Depuis plusieurs semaines, un débat passionné traverse la Côte d’Ivoire : Tidjane Thiam, président du PDCI-RDA, a été radié de la liste électorale par décision de justice, au motif qu’il ne serait plus ivoirien. Cette décision soulève une question capitale : la Côte d’Ivoire est-elle dans son bon droit ? Au-delà des polémiques politiciennes, il est essentiel de revenir aux textes de loi, aux principes juridiques fondamentaux et aux faits concrets.
1. Un certificat de nationalité ivoirienne en vigueur
Tidjane Thiam détient un certificat de nationalité ivoirienne, délivré en 2020 par l’État ivoirien. Ce document officiel atteste qu’il est bien ivoirien. En droit, un tel certificat fait foi jusqu’à preuve du contraire. Pour le contester, une démarche judiciaire spécifique doit être engagée : une action en annulation devant le tribunal compétent. Or, aucune décision n’a annulé ce certificat à ce jour.
Cela signifie que l’État ivoirien reconnaît formellement sa nationalité, sauf à se contredire lui-même, ce qui est contraire aux principes de l’État de droit.
2. La perte de la nationalité française n’efface pas l’ivoirienne
Certains ont tenté de justifier cette radiation en affirmant que Tidjane Thiam, ayant autrefois acquis la nationalité française, aurait perdu la nationalité ivoirienne. Cette interprétation est non seulement erronée, mais dangereuse.
En réalité :
- Il a renoncé à la nationalité française, comme l’exige la loi ivoirienne pour être candidat.
- Le code de la nationalité précise que la perte de la nationalité doit être constatée, elle ne se présume pas.
- Et surtout, aucune preuve officielle n’atteste de cette perte de nationalité ivoirienne.
3. Que dit l’article 3 du Code de la nationalité de 1961 ?

Un article fondamental du droit ivoirien mérite d’être rappelé : l’article 3 du Code de 1961 précise que :
« Les dispositions relatives à la nationalité contenues dans les traités ou accords internationaux dûment ratifiés et publiés s’appliquent, même si elles sont contraires à la législation intérieure. »

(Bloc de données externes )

(* In the setting of the context, let $(x_0,y_0)\in\mathcal D^+_{\bar y}$, let $T_0=T(x_0,y_0)$ and $T_1=T_0+\dfrac{h(x_0,y_0)-\bar x}{\gamma\bar y}$. Define $\tilde x(t)=h(x_0,y_0)-\gamma(t-T_0)\bar y$ and the control $$u^*(t)=\begin{cases}0 & \text{if } t<T_0 \text{ or } t>T_1,\\ \rho(\tilde x(t),\bar y) & \text{if } T_0\le t\le T_1.\end{cases}$$ Let $(x^*(t),y^*(t))$ be the solution of the controlled CBF-SIR model with initial condition $(x_0,y_0)$ under $u^*$. Then: (i) for $T_0<t<T_1$, $x^*(t)=h(x_0,y_0)-\gamma(t-T_0)\bar y$ and $y^*(t)=\bar y$; (ii) $u^*(t)=\mu(x^*(t),y^*(t))$ for every $t\ge0$, where $\mu(x,y)=0$ if $y<\bar y$ and $\mu(x,\bar y)=[\rho(x,\bar y)]_+$; (iii) $u^*$ is feasible, i.e. $y^*(t)\le\bar y$ for all $t\ge0$; (iv) $J(u^* )=\displaystyle\int_0^{\infty}u^*(t)\,dt=\frac{1}{\gamma\bar y}\int_{\bar x}^{h(x_0,y_0)}\rho(x,\bar y)\,dx.$
   Context: $\mathcal S=\{(x,y)\in\mathbb R^2_+: x+y\le1\}$, $\gamma>0$, $\beta:\mathcal S\to(0,\infty)$ of class $\mathcal C^2$, $R(x,y)=\frac1\gamma\beta(x,y)x$, and for $x>0$, $\rho(x,y)=\frac{R(x,y)-1}{R(x,y)}=1-\frac{\gamma}{x\beta(x,y)}$; $[a]_+=\max\{a,0\}$. Assumption 1 holds: $x\beta_x+\beta>0$ and $\beta_y\le0$ on $\mathcal S$. Controlled CBF-SIR model: $\dot x=-(1-u(t))\gamma R(x,y)y$, $\dot y=\gamma((1-u(t))R(x,y)-1)y$ (solutions continuous, piecewise-$\mathcal C^1$, in $\mathcal S$); uncontrolled model: $u\equiv0$, with flow $\phi(t,x_0,y_0)$; $\Gamma^+(x_0,y_0)=\{\phi(t,x_0,y_0):t\ge0\}$, $\Gamma^-(x,y)=\{(x_0,y_0)\in\mathcal S:(x,y)\in\Gamma^+(x_0,y_0)\}$. Assume $\beta(1,0)>\gamma$; $\tilde y\in(0,1)$ is the unique number with $R(1-\tilde y,\tilde y)=1$, $\kappa:[0,\tilde y]\to[0,1]$ the $\mathcal C^1$ function with $\{R=1\}\cap\mathcal S=\{(\kappa(y),y):y\in[0,\tilde y]\}$. Fix $\bar y\in(0,\tilde y)$ and $\bar x=\kappa(\bar y)$. There are $\hat y\in[0,\bar y]$ and a $\mathcal C^1$ strictly decreasing $\lambda:[\hat y,\bar y]\to[\bar x,1]$ with $\lambda(\bar y)=\bar x$ and $\overline{\Gamma^-(\bar x,\bar y)}=\{(\lambda(y),y):\hat y\le y\le\bar y\}$. $\mathcal D_{\bar y}=\{(x,y)\in\mathcal S:0<y\le\bar y\}$, $\mathcal D^+_{\bar y}=\{(x,y)\in\mathcal D_{\bar y}: y\in[\hat y,\bar y],\ x>\lambda(y)\}$, $\mathcal J=\{(x,\bar y)\in\mathcal S:\bar x<x\le1-\bar y\}$. For $(x,y)\in\mathcal D^+_{\bar y}$, $T(x,y)$ is the (finite) first time $t\ge0$ with $\phi(t,x,y)\in\mathcal J$ and $h(x,y)$ is the first coordinate of $\phi(T(x,y),x,y)$. A control is feasible if the corresponding solution satisfies $y(t)\le\bar y$ for all $t\ge0$. *)

theory Defs
  imports "HOL-Analysis.Analysis"
begin

definition SS :: "(real \<times> real) set" where
  "SS = {(x, y). 0 \<le> x \<and> 0 \<le> y \<and> x + y \<le> 1}"

definition Rn :: "real \<Rightarrow> (real \<Rightarrow> real \<Rightarrow> real) \<Rightarrow> real \<Rightarrow> real \<Rightarrow> real" where
  "Rn \<gamma> \<beta> x y = \<beta> x y * x / \<gamma>"

definition rho :: "real \<Rightarrow> (real \<Rightarrow> real \<Rightarrow> real) \<Rightarrow> real \<Rightarrow> real \<Rightarrow> real" where
  "rho \<gamma> \<beta> x y = 1 - \<gamma> / (x * \<beta> x y)"

definition pos_part :: "real \<Rightarrow> real" where
  "pos_part a = max a 0"

text \<open>Solution of the controlled CBF-SIR model with control u, initial point p:
  continuous on [0,oo), staying in S, piecewise C1 (satisfying the ODE off a
  locally finite set of break points).\<close>
definition cbf_sol ::
  "real \<Rightarrow> (real \<Rightarrow> real \<Rightarrow> real) \<Rightarrow> (real \<Rightarrow> real) \<Rightarrow> real \<times> real \<Rightarrow> (real \<Rightarrow> real \<times> real) \<Rightarrow> bool" where
  "cbf_sol \<gamma> \<beta> u p z \<longleftrightarrow>
     z 0 = p \<and> continuous_on {0..} z \<and> (\<forall>t\<ge>0. z t \<in> SS) \<and>
     (\<exists>F. (\<forall>b. finite (F \<inter> {0..b})) \<and>
        (\<forall>t\<in>{0<..} - F.
           (z has_vector_derivative
              (- (1 - u t) * \<gamma> * Rn \<gamma> \<beta> (fst (z t)) (snd (z t)) * snd (z t),
               \<gamma> * ((1 - u t) * Rn \<gamma> \<beta> (fst (z t)) (snd (z t)) - 1) * snd (z t))) (at t)))"

definition Gamma_minus :: "(real \<Rightarrow> real \<times> real \<Rightarrow> real \<times> real) \<Rightarrow> real \<times> real \<Rightarrow> (real \<times> real) set" where
  "Gamma_minus phi q = {p \<in> SS. \<exists>t\<ge>0. phi t p = q}"

definition D_plus :: "real \<Rightarrow> real \<Rightarrow> (real \<Rightarrow> real) \<Rightarrow> (real \<times> real) set" where
  "D_plus ybar yhat lam = {(x, y) \<in> SS. 0 < y \<and> y \<le> ybar \<and> yhat \<le> y \<and> lam y < x}"

definition J_set :: "real \<Rightarrow> real \<Rightarrow> (real \<times> real) set" where
  "J_set xbar ybar = {(x, y) \<in> SS. y = ybar \<and> xbar < x \<and> x \<le> 1 - ybar}"

definition T_hit :: "(real \<Rightarrow> real \<times> real \<Rightarrow> real \<times> real) \<Rightarrow> real \<Rightarrow> real \<Rightarrow> real \<times> real \<Rightarrow> real" where
  "T_hit phi xbar ybar p = (LEAST t. 0 \<le> t \<and> phi t p \<in> J_set xbar ybar)"

definition h_hit :: "(real \<Rightarrow> real \<times> real \<Rightarrow> real \<times> real) \<Rightarrow> real \<Rightarrow> real \<Rightarrow> real \<times> real \<Rightarrow> real" where
  "h_hit phi xbar ybar p = fst (phi (T_hit phi xbar ybar p) p)"

definition mu :: "real \<Rightarrow> (real \<Rightarrow> real \<Rightarrow> real) \<Rightarrow> real \<Rightarrow> real \<Rightarrow> real \<Rightarrow> real" where
  "mu \<gamma> \<beta> ybar x y = (if y < ybar then 0 else pos_part (rho \<gamma> \<beta> x ybar))"

end

theory Submission
  imports Defs
begin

Autrement dit, si la Côte d’Ivoire a signé un accord international (notamment dans le cadre de la CEDEAO, ou avec d’autres pays africains ou européens), ces accords s’imposent même aux lois ivoiriennes. Il serait donc contraire au droit international de retirer la nationalité à un citoyen en dehors des procédures prévues, ou en violation de traités en vigueur.
4. Une décision contestable sur le fond et sur la forme
La radiation de M. Thiam de la liste électorale repose sur une interprétation subjective et sans base juridique solide. Elle semble davantage guidée par une volonté d’exclusion politique que par le respect du droit.
Une telle décision :
- viole le principe de sécurité juridique, en remettant en cause un acte administratif en vigueur (le certificat de nationalité), sans l’annuler ;
- piétine le droit fondamental à la participation politique, inscrit dans la Constitution ivoirienne ;
- et risque de décrédibiliser l’appareil judiciaire, en l’instrumentalisant à des fins partisanes.
5. Une démocratie ne peut s’accommoder de l’arbitraire

Au-delà du cas de Tidjane Thiam, cette affaire engage l’image de la justice ivoirienne, la crédibilité du processus électoral, et plus largement l’avenir démocratique du pays. Quand la loi devient un outil pour éliminer des adversaires, c’est la République elle-même qui vacille.
La question n’est pas de savoir si l’on soutient ou non un homme politique, mais si la règle de droit s’applique à tous, de manière équitable, transparente et prévisible.
Conclusion : défendre le droit, c’est défendre la Côte d’Ivoire
Tidjane Thiam est en possession d’un certificat de nationalité ivoirienne, en règle, reconnu par l’État. Il a renoncé à la nationalité française. Aucun tribunal n’a annulé son certificat. Dans ces conditions, le radier de la liste électorale est non seulement injuste, mais juridiquement indéfendable.
Refuser cela, c’est défendre la démocratie, la justice, et le droit des Ivoiriens de choisir librement leurs dirigeants. Car aujourd’hui, ce n’est pas seulement Thiam qu’on écarte : c’est la voix du peuple qu’on cherche à faire.